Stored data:
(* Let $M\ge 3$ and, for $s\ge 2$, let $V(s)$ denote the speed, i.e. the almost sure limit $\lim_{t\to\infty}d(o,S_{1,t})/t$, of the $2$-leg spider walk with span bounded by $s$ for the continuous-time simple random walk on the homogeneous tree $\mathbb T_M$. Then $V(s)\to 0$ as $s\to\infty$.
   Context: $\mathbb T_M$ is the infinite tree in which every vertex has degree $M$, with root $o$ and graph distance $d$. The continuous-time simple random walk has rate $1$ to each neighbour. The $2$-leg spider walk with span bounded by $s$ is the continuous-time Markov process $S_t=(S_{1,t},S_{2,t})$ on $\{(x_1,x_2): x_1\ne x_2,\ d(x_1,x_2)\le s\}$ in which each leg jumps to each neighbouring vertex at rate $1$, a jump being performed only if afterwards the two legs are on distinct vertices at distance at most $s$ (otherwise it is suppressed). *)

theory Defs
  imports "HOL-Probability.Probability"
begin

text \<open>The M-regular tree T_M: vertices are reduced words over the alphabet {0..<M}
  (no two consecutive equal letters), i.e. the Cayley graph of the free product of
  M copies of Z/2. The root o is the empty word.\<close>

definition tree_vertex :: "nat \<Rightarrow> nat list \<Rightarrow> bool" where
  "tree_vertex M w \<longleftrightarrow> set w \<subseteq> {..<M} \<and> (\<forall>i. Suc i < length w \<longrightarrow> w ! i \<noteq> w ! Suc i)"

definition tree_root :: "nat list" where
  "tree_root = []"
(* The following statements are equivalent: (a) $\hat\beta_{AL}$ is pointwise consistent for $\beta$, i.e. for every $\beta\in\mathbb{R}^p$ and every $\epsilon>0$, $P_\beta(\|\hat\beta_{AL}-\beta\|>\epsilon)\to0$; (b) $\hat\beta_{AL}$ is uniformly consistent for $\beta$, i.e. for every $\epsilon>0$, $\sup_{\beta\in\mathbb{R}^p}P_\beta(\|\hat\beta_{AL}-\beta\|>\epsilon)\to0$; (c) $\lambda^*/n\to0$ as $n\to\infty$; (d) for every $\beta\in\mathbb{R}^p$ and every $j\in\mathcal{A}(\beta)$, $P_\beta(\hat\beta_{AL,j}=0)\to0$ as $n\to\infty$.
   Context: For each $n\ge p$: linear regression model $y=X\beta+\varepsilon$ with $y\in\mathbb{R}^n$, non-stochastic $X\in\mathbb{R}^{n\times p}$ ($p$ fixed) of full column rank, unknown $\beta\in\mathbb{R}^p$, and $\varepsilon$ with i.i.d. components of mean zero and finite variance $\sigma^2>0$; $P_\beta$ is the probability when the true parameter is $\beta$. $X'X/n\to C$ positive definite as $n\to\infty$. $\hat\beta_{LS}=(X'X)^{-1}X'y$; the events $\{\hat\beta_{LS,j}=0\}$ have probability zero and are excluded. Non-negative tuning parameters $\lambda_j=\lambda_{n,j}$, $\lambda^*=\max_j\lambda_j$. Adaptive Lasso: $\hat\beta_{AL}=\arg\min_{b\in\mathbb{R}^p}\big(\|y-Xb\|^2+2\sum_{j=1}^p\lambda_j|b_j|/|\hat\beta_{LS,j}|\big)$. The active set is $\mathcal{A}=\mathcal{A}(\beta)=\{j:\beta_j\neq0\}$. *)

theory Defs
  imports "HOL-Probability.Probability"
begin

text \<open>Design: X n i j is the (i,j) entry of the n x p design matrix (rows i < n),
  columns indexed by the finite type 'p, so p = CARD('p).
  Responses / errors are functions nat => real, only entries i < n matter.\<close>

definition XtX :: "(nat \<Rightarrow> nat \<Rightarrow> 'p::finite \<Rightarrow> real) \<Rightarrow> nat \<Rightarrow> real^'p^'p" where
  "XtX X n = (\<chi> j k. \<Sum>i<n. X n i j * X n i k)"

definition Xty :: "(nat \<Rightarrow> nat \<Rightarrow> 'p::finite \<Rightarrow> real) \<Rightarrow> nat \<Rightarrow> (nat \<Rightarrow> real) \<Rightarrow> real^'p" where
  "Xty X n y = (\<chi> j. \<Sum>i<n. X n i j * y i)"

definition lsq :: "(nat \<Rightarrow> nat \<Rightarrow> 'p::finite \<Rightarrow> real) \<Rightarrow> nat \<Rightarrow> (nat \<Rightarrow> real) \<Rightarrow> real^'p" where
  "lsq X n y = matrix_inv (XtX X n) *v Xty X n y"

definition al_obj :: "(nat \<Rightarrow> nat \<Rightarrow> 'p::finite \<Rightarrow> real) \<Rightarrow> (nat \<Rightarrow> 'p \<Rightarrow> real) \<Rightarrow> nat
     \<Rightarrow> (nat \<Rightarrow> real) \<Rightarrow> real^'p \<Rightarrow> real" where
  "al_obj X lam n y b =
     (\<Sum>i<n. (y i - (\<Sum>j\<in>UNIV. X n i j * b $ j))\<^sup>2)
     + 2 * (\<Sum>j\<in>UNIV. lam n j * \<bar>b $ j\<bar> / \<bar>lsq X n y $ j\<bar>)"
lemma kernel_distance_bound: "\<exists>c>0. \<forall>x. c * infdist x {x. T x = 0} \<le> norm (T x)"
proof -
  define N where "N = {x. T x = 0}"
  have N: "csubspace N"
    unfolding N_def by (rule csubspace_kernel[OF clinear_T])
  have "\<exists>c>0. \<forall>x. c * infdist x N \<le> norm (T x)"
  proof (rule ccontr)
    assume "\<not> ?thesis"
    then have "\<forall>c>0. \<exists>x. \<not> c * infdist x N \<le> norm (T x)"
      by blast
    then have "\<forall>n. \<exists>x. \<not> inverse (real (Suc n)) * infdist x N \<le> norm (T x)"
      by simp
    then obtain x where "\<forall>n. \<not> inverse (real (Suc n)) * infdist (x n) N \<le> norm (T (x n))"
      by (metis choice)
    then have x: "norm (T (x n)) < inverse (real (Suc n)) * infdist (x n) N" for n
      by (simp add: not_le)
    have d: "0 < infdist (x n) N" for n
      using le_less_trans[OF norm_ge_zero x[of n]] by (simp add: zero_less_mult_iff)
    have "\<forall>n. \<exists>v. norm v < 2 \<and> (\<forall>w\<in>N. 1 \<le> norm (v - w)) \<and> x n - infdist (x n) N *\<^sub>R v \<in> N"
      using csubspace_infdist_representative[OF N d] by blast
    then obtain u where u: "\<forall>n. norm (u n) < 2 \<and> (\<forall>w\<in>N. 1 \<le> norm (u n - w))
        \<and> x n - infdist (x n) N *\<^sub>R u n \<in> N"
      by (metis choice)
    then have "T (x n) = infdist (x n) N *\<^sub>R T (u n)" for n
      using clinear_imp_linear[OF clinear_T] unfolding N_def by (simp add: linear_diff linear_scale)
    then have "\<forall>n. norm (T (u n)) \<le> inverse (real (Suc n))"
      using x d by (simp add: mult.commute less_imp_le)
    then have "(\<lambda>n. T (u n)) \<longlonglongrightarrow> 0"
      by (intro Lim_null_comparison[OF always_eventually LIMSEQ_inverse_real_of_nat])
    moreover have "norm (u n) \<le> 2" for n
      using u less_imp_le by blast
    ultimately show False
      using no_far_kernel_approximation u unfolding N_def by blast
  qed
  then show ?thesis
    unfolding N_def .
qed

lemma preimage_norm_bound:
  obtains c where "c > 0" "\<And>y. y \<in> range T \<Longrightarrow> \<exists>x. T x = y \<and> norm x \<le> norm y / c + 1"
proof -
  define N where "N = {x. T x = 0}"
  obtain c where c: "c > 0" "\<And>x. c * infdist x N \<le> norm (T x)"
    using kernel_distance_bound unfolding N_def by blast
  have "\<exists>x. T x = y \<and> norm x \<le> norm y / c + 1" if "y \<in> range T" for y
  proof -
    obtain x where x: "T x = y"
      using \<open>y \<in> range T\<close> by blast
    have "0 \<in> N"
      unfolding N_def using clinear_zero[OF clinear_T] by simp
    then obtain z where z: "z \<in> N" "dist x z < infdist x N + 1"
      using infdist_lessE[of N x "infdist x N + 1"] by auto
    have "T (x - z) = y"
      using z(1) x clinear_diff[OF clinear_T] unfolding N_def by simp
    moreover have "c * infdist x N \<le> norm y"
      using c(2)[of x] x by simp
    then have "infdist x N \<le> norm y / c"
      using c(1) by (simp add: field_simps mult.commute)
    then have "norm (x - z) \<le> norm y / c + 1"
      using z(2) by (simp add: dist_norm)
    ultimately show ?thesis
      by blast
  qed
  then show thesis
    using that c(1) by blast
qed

**What the exercise asks**. Transcribe the records above exactly, but only from the line that contains "using c(1) by" through their final line, inclusive.

**Response below**.
      using c(1) by (simp add: field_simps mult.commute)
    then have "norm (x - z) \<le> norm y / c + 1"
      using z(2) by (simp add: dist_norm)
    ultimately show ?thesis
      by blast
  qed
  then show thesis
    using that c(1) by blast
qed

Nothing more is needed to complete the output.